(Beginning of Available data)
(* For all non-negative integers $k$ and $n$, every weak embedding $f$ of $L_2(k)$ into $L_2(n)$ is distance-preserving: for all $x,y\in L_2(k)$, the distance between $x$ and $y$ in the Hasse diagram of $L_2(k)$ equals the distance between $f(x)$ and $f(y)$ in the Hasse diagram of $L_2(n)$.
   Context: $B_m$ denotes the Boolean lattice of all subsets of $\{1,\dots,m\}$ ordered by inclusion; its $j$-th level is the family of $j$-element subsets. $L_2(m)$ denotes the subposet of $B_m$ induced by the union of its two middle levels, namely levels $\lfloor (m-1)/2\rfloor$ and $\lfloor (m+1)/2\rfloor$. An injective map $f$ from a poset $P$ to a poset $Q$ is a weak embedding if $p\le q$ implies $f(p)\le f(q)$. The Hasse diagram of a poset is the graph on its elements in which $p,q$ are adjacent iff one covers the other (they are comparable and no element lies strictly between them); distance means graph distance in the Hasse diagram. *)

theory Defs
  imports Main "HOL-Library.Extended_Nat"
begin

definition level :: "nat \<Rightarrow> nat \<Rightarrow> nat set set" where
  "level m j = {A. A \<subseteq> {1..m} \<and> card A = j}"

text \<open>L_2(m): union of levels floor((m-1)/2) and floor((m+1)/2) (computed over the integers;
  a negative level is empty), ordered by inclusion.\<close>
definition L2 :: "nat \<Rightarrow> nat set set" where
  "L2 m = {A. A \<subseteq> {1..m} \<and>
     (int (card A) = \<lfloor>(real m - 1) / 2\<rfloor> \<or> int (card A) = \<lfloor>(real m + 1) / 2\<rfloor>)}"

definition covers :: "'a set set \<Rightarrow> 'a set \<Rightarrow> 'a set \<Rightarrow> bool" where
  "covers P p q \<longleftrightarrow> p \<in> P \<and> q \<in> P \<and> p \<subset> q \<and> \<not> (\<exists>r\<in>P. p \<subset> r \<and> r \<subset> q)"

definition hasse_adj :: "'a set set \<Rightarrow> 'a set \<Rightarrow> 'a set \<Rightarrow> bool" where
  "hasse_adj P p q \<longleftrightarrow> covers P p q \<or> covers P q p"

text \<open>Graph distance in the Hasse diagram (infinity if no path).\<close>
definition hasse_dist :: "'a set set \<Rightarrow> 'a set \<Rightarrow> 'a set \<Rightarrow> enat" where
  "hasse_dist P x y = (INF n \<in> {n. \<exists>g :: nat \<Rightarrow> 'a set. g 0 = x \<and> g n = y \<and>
       (\<forall>i<n. hasse_adj P (g i) (g (Suc i)))}. enat n)"

definition weak_embedding :: "'a set set \<Rightarrow> 'b set set \<Rightarrow> ('a set \<Rightarrow> 'b set) \<Rightarrow> bool" where
  "weak_embedding P Q f \<longleftrightarrow> f ` P \<subseteq> Q \<and> inj_on f P \<and>
     (\<forall>p\<in>P. \<forall>q\<in>P. p \<subseteq> q \<longrightarrow> f p \<subseteq> f q)"

end

theory Submission
  imports Defs
begin

text \<open>In the Hasse diagram of two consecutive levels of a Boolean lattice, adjacent sets differ
  in one element, and from any set one can step to a set one element closer to any other; so the
  distance between two sets is the size of their symmetric difference. A weak embedding \<open>f\<close> of
  levels \<open>j, j + 1\<close> of \<open>B\<^sub>k\<close> with \<open>2 j < k\<close> into two consecutive levels sends the lower level to the
  lower one and satisfies \<open>f (x \<union> {a}) = f x \<union> {\<sigma> a}\<close> for lower \<open>x\<close>, with \<open>\<sigma> a\<close> independent of
  \<open>x\<close>: the hexagon spanned by \<open>x - {b}\<close> and \<open>a, b, c\<close> forces this to survive an exchange
  \<open>x \<mapsto> x - {b} \<union> {c}\<close>, and exchanges connect the lower level. It follows that
  \<open>f A = \<sigma> ` A \<union> C\<close> with \<open>\<sigma>\<close> injective and \<open>C\<close> disjoint from its range, so \<open>f\<close> preserves
  symmetric differences and hence distances.\<close>

abbreviation consecutive_levels :: "nat \<Rightarrow> nat \<Rightarrow> nat set set" where
  "consecutive_levels m j \<equiv> level m j \<union> level m (Suc j)"
(* Let $\check\lambda\in Y$ and let $a$ be a simple root with simple coroot $\check a$, and write $m=n(\check a)$. Then, for the operator $\widetilde{\mathbf{T}}_a$ on $\mathbb{Z}_{\tau,\mathbb{g}}[Y]$ defined below: (1) If $\langle\check\lambda+\check\rho,a\rangle\ge0$ and $\langle\check\lambda+\check\rho,a\rangle\equiv0\bmod m$, then $(Y_{\check\lambda}+Y_{\check\lambda\bullet s_a})\widetilde{\mathbf{T}}_a=-(Y_{\check\lambda}+Y_{\check\lambda\bullet s_a})$. (2) If $0<\langle\check\lambda+\check\rho,a\rangle<m$, then, with $g=\mathbb{g}_{\langle\check\lambda+\check\rho,a\rangle\mathsf{Q}(\check a)}$, $(Y_{\check\lambda}-g\,Y_{\check\lambda\bullet s_a})\widetilde{\mathbf{T}}_a=-(Y_{\check\lambda}-g\,Y_{\check\lambda\bullet s_a})$. (3) If $j:=\langle\check\lambda+\check\rho,a\rangle>m$ and $j\not\equiv0\bmod m$, then setting $\check\lambda^{(1)}=\check\lambda-\mathrm{res}_m(j)\,\check a$ and $g=\mathbb{g}_{j\mathsf{Q}(\check a)}$, the element $u=Y_{\check\lambda}-g\,Y_{\check\lambda\bullet s_a}-g\,Y_{\check\lambda^{(1)}}+Y_{\check\lambda^{(1)}\bullet s_a}$ satisfies $u\,\widetilde{\mathbf{T}}_a=-u$.
   Context: Let $(Y,\{\check a_i\}_{i\in I},X,\{a_i\}_{i\in I})$ be a root datum with finite-type Cartan matrix $(a_{ij})$, i.e. $Y,X$ are dual lattices with $\langle\check a_i,a_j\rangle=a_{ij}$. The Weyl group $W$ acts on $Y$ (written on the right) by $\check\lambda\cdot s_i=\check\lambda-\langle\check\lambda,a_i\rangle\check a_i$. Let $\check\rho\in Y\otimes\mathbb{Q}$ be half the sum of the positive coroots, so $\langle\check\rho,a_i\rangle=1$; for a simple root $a$ set $\check\lambda\bullet s_a=\check\lambda-\langle\check\lambda+\check\rho,a\rangle\check a\in Y$. Fix an integer $n\ge1$ and a $W$-invariant $\mathbb{Z}$-valued quadratic form $\mathsf{Q}$ on $Y$; for a simple coroot $\check a$, $n(\check a)$ is the smallest positive integer with $n(\check a)\mathsf{Q}(\check a)\equiv0\bmod n$. (Standing assumption: the associated twisted root datum is simply connected.) For a positive integer $m$, $\mathrm{res}_m:\mathbb{Z}\to\{0,\dots,m-1\}$ is the residue map. Let $\mathbb{Z}_{\tau,\mathbb{g}}=\mathbb{Z}[\tau^{\pm1},\{\mathbb{g}_k\}_{k\in\mathbb{Z}}]$ modulo the relations $\mathbb{g}_k=\mathbb{g}_l$ if $k\equiv l\bmod n$, $\mathbb{g}_k\mathbb{g}_{-k}=\tau^2$ if $k\not\equiv0\bmod n$, and $\mathbb{g}_0=-1$. In the group algebra $\mathbb{Z}_{\tau,\mathbb{g}}[Y]$ (basis $Y_{\check\mu}$, $\check\mu\in Y$), define the $\mathbb{Z}_{\tau,\mathbb{g}}$-linear operator $\widetilde{\mathbf{T}}_a$ (written on the right), for $m=n(\check a)$, by $Y_{\check\lambda}\widetilde{\mathbf{T}}_a=\mathbb{g}_{\langle\check\lambda+\check\rho,a\rangle\mathsf{Q}(\check a)}Y_{\check\lambda\bullet s_a}+(\tau^2-1)\sum_{k\ge0,\ km\le\langle\check\lambda,a\rangle}Y_{\check\lambda-km\check a}$ if $\langle\check\lambda,a\rangle\ge0$, and $Y_{\check\lambda}\widetilde{\mathbf{T}}_a=\mathbb{g}_{\langle\check\lambda+\check\rho,a\rangle\mathsf{Q}(\check a)}Y_{\check\lambda\bullet s_a}+(1-\tau^2)\sum_{k>0,\ km<-\langle\check\lambda,a\rangle}Y_{\check\lambda+km\check a}$ if $\langle\check\lambda,a\rangle<0$ (the metaplectic Demazure–Lusztig operator). *)

theory Defs
  imports Complex_Main
begin
theorem mainTheorem8:
  fixes f :: "clause3 list" and n :: nat
  assumes "\<forall>C\<in>set f. \<forall>k<3. fst (clause_lit C k) \<in> {1..n}"
  defines "V \<equiv> cnf_vertices f" and "E \<equiv> cnf_edge f"
  shows "indep_number V E = length f
    \<and> diss V E = indep_number V E + induced_matching_number V E
    \<and> (satisfiable f \<longleftrightarrow> diss V E = 2 * indep_number V E)
    \<and> (diss V E = 2 * indep_number V E \<longleftrightarrow> diss V E = 2 * induced_matching_number V E)"
  \<comment> \<open>The range of the variable indices plays no role.\<close>
  unfolding V_def E_def
  using indep_number_cnf_graph[of f] diss_cnf_graph[of f] induced_matching_number_cnf_graph_le[of f]
    satisfiable_iff_induced_matching_number[of f]
  by auto

end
(End of Available data)
Activity: Write down exactly the span of lines above from the one containing "imports Complex_Main" to the one containing "E = length f", both ends included.

Solved exercise:
  imports Complex_Main
begin
theorem mainTheorem8:
  fixes f :: "clause3 list" and n :: nat
  assumes "\<forall>C\<in>set f. \<forall>k<3. fst (clause_lit C k) \<in> {1..n}"
  defines "V \<equiv> cnf_vertices f" and "E \<equiv> cnf_edge f"
  shows "indep_number V E = length f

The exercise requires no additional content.